Now since I have been doing this (the late 90's) agents have always been taught to grab volatile data... just to different levels of sophistication.
3. "Building a Robust Case"
I think this is an excellent point and something that is already done. A digital case or even a digital security investigation that will not go criminal trial should depend on multiple points of data to ensure accuracy and reliability. This is generally already done.
So why does the LE pull the plug mentality persist? Because the standard government model is to push people into these positions with a limited amount of training. But I see it in the private sector too..........it is not just law enforcement.
It is also lawyers and juries who have a vague understanding of the technology and they seem to expect this method to "perfectly freeze" any digital evidence.
Everyone wants the smoking gun when I work cases... sometimes there is one. But often it is made up of multiple pieces of evidence.
I think the answer is about teaching investigators (LE or Private Sector) how to assess the matter they are investigating and all the potential sources of evidence and then the best methods of collections for all those various sources in a way to maximize the reliability of each piece of the case they collect.
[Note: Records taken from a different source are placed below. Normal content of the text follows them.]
(* Let $\Theta,\Theta'$ be a well-formed System $\mathsf{F_\wedge}$ context and let $S_-, S_-', S_+, S_+'$ be types over $\Theta,\Theta'$ with $\Theta,\Theta' \vdash S_-' <: S_-$ and $\Theta,\Theta' \vdash S_+ <: S_+'$. Then for every $\mathsf{F_\wedge}$ type $T$ well-formed over $\Theta, X <: \top$, $$\Theta,\Theta' \vdash T[(S_-,S_+)/X] <: T[(S_-',S_+')/X].$$
   Context: System $\mathsf{F_\wedge}$: raw types $T ::= \top \mid X \mid T \to T \mid \forall X.T \mid T \wedge T$, identified up to $\alpha$-conversion. Contexts are finite sequences of assumptions $X<:T$ or $x:T$ with distinct variables, each type well-formed over the preceding part. Subtyping $\Theta \vdash S <: T$ is generated by: (Var) $\Theta, X<:T,\Theta' \vdash X <: T$; (Top) $T <: \top$; (Refl); (Trans); ($\to$) from $S'<:S$ and $T<:T'$ infer $S\to T <: S' \to T'$; ($\forall$) from $\Theta, X<:\top \vdash S <: T$ infer $\Theta \vdash \forall X.S <: \forall X.T$; (meet) $S\wedge S' <: S$, $S \wedge S' <: S'$, and from $T<:S$, $T<:S'$ infer $T <: S\wedge S'$. Mixed substitution $T[(S_-,S_+)/X]$ (assuming by $\alpha$-conversion that neither $X$ nor free variables of $S_-,S_+$ are bound in $T$) substitutes $S_-$ for negative and $S_+$ for positive occurrences of $X$: $X[(S_-,S_+)/X] = S_+$; $Y[(S_-,S_+)/X] = Y$ for $Y \not\equiv X$; $\top[(S_-,S_+)/X]=\top$; $(T\to T')[(S_-,S_+)/X] = T[(S_+,S_-)/X] \to T'[(S_-,S_+)/X]$; $(\forall Y.T)[(S_-,S_+)/X] = \forall Y.T[(S_-,S_+)/X]$; $(T\wedge T')[(S_-,S_+)/X] = T[(S_-,S_+)/X] \wedge T'[(S_-,S_+)/X]$. *)

theory Defs
  imports Main
begin

text \<open>System F-meet types in de Bruijn representation (so alpha-equivalent raw
types are identified). TVar i refers to the i-th binding counting from the
most recent one (index 0).\<close>

datatype ty =
    Top
  | TVar nat
  | Arr ty ty
  | All ty
  | Meet ty ty

text \<open>A context is a list whose head is the most recent (rightmost) assumption;
so the paper's context Theta, Theta' is the list Theta' @ Theta.
The type stored in entry number i is relative to the context drop (Suc i).\<close>

datatype binding = VarB ty | TVarB ty

type_synonym env = "binding list"

primrec lift :: "nat \<Rightarrow> nat \<Rightarrow> ty \<Rightarrow> ty" where
  "lift k c Top = Top"
| "lift k c (TVar i) = (if i < c then TVar i else TVar (i + k))"
| "lift k c (Arr S T) = Arr (lift k c S) (lift k c T)"
| "lift k c (All T) = All (lift k (Suc c) T)"
| "lift k c (Meet S T) = Meet (lift k c S) (lift k c T)"

primrec wf_ty :: "env \<Rightarrow> ty \<Rightarrow> bool" where
  "wf_ty G Top = True"
| "wf_ty G (TVar i) = (i < length G \<and> (\<exists>U. G ! i = TVarB U))"
| "wf_ty G (Arr S T) = (wf_ty G S \<and> wf_ty G T)"
| "wf_ty G (All T) = wf_ty (TVarB Top # G) T"
| "wf_ty G (Meet S T) = (wf_ty G S \<and> wf_ty G T)"

inductive wf_env :: "env \<Rightarrow> bool" where
  wf_Nil: "wf_env []"
| wf_VarB: "wf_env G \<Longrightarrow> wf_ty G T \<Longrightarrow> wf_env (VarB T # G)"
| wf_TVarB: "wf_env G \<Longrightarrow> wf_ty G T \<Longrightarrow> wf_env (TVarB T # G)"

inductive sub :: "env \<Rightarrow> ty \<Rightarrow> ty \<Rightarrow> bool" where
  S_Var: "i < length G \<Longrightarrow> G ! i = TVarB T \<Longrightarrow> sub G (TVar i) (lift (Suc i) 0 T)"
| S_Top: "sub G T Top"
| S_Refl: "sub G T T"
| S_Trans: "sub G S U \<Longrightarrow> sub G U T \<Longrightarrow> sub G S T"
| S_Arr: "sub G S' S \<Longrightarrow> sub G T T' \<Longrightarrow> sub G (Arr S T) (Arr S' T')"
| S_All: "sub (TVarB Top # G) S T \<Longrightarrow> sub G (All S) (All T)"
| S_Meet1: "sub G (Meet S S') S"
| S_Meet2: "sub G (Meet S S') S'"
| S_MeetI: "sub G T S \<Longrightarrow> sub G T S' \<Longrightarrow> sub G T (Meet S S')"

text \<open>Mixed substitution for the variable with index d (the variable X seen under
d binders): negative occurrences get Sm, positive ones Sp (both lifted over the
d binders); variables above X are decremented since X's binding disappears.\<close>

primrec msubst :: "nat \<Rightarrow> ty \<Rightarrow> ty \<Rightarrow> ty \<Rightarrow> ty" where
  "msubst d Sm Sp Top = Top"
| "msubst d Sm Sp (TVar i) =
     (if i < d then TVar i else if i = d then lift d 0 Sp else TVar (i - 1))"
| "msubst d Sm Sp (Arr A B) = Arr (msubst d Sp Sm A) (msubst d Sm Sp B)"
| "msubst d Sm Sp (All A) = All (msubst (Suc d) Sm Sp A)"
| "msubst d Sm Sp (Meet A B) = Meet (msubst d Sm Sp A) (msubst d Sm Sp B)"

text \<open>T[(Sm,Sp)/X] where T is over Theta, X<:Top and the result is over
Theta, Theta' (n = length Theta'): first weaken T by inserting Theta' between
X and Theta (lift n 1), then mixed-substitute X (index 0).\<close>

definition mixed_subst :: "nat \<Rightarrow> ty \<Rightarrow> ty \<Rightarrow> ty \<Rightarrow> ty" where
  "mixed_subst n Sm Sp T = msubst 0 Sm Sp (lift n 1 T)"

end

theory Submission
  imports Defs
begin

text \<open>Induction on the type: at the substituted variable the claim is the hypothesis
on the positive argument, weakened over the binders passed so far; the arrow rule
exchanges the roles of the two arguments on its left, exactly as the mixed substitution
does; quantifiers and meets are congruences for subtyping. In the de Bruijn encoding
the argument needs none of the well-formedness hypotheses.\<close>

lemma lift_lift_commute:
  "j \<le> c \<Longrightarrow> lift m j (lift n c T) = lift n (c + m) (lift m j T)"
  by (induction T arbitrary: j c) auto

lemma lift_lift_add:
  "j \<le> c \<Longrightarrow> c \<le> j + m \<Longrightarrow> lift n c (lift m j T) = lift (m + n) j T"
  by (induction T arbitrary: j c) auto

fun map_binding :: "(ty \<Rightarrow> ty) \<Rightarrow> binding \<Rightarrow> binding" where
  "map_binding f (VarB T) = VarB (f T)"
| "map_binding f (TVarB T) = TVarB (f T)"

text \<open>The first k entries of G, adjusted for n new entries inserted below them;
entry i lives under the k - Suc i entries above the insertion point.\<close>

definition lift_env :: "nat \<Rightarrow> nat \<Rightarrow> env \<Rightarrow> env" where
  "lift_env n k G = map (\<lambda>i. map_binding (lift n (k - Suc i)) (G ! i)) [0..<k]"

lemma length_lift_env [simp]: "length (lift_env n k G) = k"
  by (simp add: lift_env_def)

lemma nth_lift_env_TVarB:
  "i < k \<Longrightarrow> G ! i = TVarB T \<Longrightarrow> lift_env n k G ! i = TVarB (lift n (k - Suc i) T)"
  by (simp add: lift_env_def)

lemma lift_env_Suc_TVarB_Top:
  "lift_env n (Suc k) (TVarB Top # G) = TVarB Top # lift_env n k G"
  unfolding lift_env_def by (simp add: map_upt_Suc del: upt_Suc)

lemma sub_insert_env:
  assumes "sub G S T" and "k \<le> length G" and "length H = n"
  shows "sub (lift_env n k G @ H @ drop k G) (lift n k S) (lift n k T)"
  using assms
proof (induction arbitrary: k rule: sub.induct)
  case (S_Var i G T)
  let ?G = "lift_env n k G @ H @ drop k G"
  show ?case
  proof (cases "i < k")
    case True
    then have "?G ! i = TVarB (lift n (k - Suc i) T)"
      using S_Var by (simp add: nth_append nth_lift_env_TVarB)
    then have "sub ?G (TVar i) (lift (Suc i) 0 (lift n (k - Suc i) T))"
      using True S_Var by (intro sub.S_Var) auto
    with True show ?thesis by (simp add: lift_lift_commute)
  next
    case False
    then have "?G ! (i + n) = TVarB T"
      using S_Var by (auto simp: nth_append)
    then have "sub ?G (TVar (i + n)) (lift (Suc (i + n)) 0 T)"
      using False S_Var by (intro sub.S_Var) auto
    with False show ?thesis by (simp add: lift_lift_add)
  qed
next
  case (S_Trans G S U T)
  then show ?case by (meson sub.S_Trans)
next
  case (S_All G S T)
  from S_All.IH[of "Suc k"] S_All.prems
  have "sub (lift_env n (Suc k) (TVarB Top # G) @ H @ drop (Suc k) (TVarB Top # G))
          (lift n (Suc k) S) (lift n (Suc k) T)"
    by simp
  then show ?case by (simp add: lift_env_Suc_TVarB_Top sub.S_All)
qed (simp_all add: sub.intros)

lemma sub_weaken: "sub G S T \<Longrightarrow> sub (H @ G) (lift (length H) 0 S) (lift (length H) 0 T)"
  using sub_insert_env[of G S T 0 H] by (simp add: lift_env_def)

lemma sub_Meet_mono: "sub G S T \<Longrightarrow> sub G S' T' \<Longrightarrow> sub G (Meet S S') (Meet T T')"
  by (meson sub.S_Meet1 sub.S_Meet2 sub.S_MeetI sub.S_Trans)

lemma sub_msubst_mono:
  assumes "sub G Sm' Sm" and "sub G Sp Sp'" and "length B = d"
  shows "sub (B @ G) (msubst d Sm Sp U) (msubst d Sm' Sp' U)"
  using assms
proof (induction U arbitrary: d B Sm Sp Sm' Sp')
  case (TVar i)
  then show ?case by (auto simp: sub.S_Refl sub_weaken)
next
  case (All A)
  then have "sub ((TVarB Top # B) @ G) (msubst (Suc d) Sm Sp A) (msubst (Suc d) Sm' Sp' A)"
    by (intro All.IH) auto
  then show ?case by (simp add: sub.S_All)
qed (simp_all add: sub.S_Refl sub.S_Arr sub_Meet_mono)

theorem lemma3p4:
  fixes Theta Theta' :: env and Sm Sm' Sp Sp' T :: ty
  assumes "wf_env (Theta' @ Theta)"
    and "wf_ty (Theta' @ Theta) Sm" and "wf_ty (Theta' @ Theta) Sm'"
    and "wf_ty (Theta' @ Theta) Sp" and "wf_ty (Theta' @ Theta) Sp'"
    and "sub (Theta' @ Theta) Sm' Sm"
    and "sub (Theta' @ Theta) Sp Sp'"
    and "wf_ty (TVarB Top # Theta) T"
  shows "sub (Theta' @ Theta) (mixed_subst (length Theta') Sm Sp T)
                              (mixed_subst (length Theta') Sm' Sp' T)"
  unfolding mixed_subst_def
  using sub_msubst_mono[OF assms(6,7), of "[]" 0] by simp

end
Besides your arrays and servers, what about bitlocker?
Another problem is, who is the person that will stand up and say I know how to analyze volatile memory and processes? Not in your world, but in the world of the local LE.
Court opinions can be changed. Computer forensics is evolving and someone (the prosecutor) needs to step up and educate the Courts on the changes. But which Prosecutor?
I beleive that early on in your Incident Response Planning, a decision should be made on when to involve LE. When the times comes, call them in and pass on what you got. Then let them acquire the rest. Besides obtaining the data or evidence, is Chain-of-Custody. That IMHO is more important that how you got it. You can explain to the Courts the reasons for not following the "Dinosaurs", but not having a chain-of-custody will get your stuff tossed.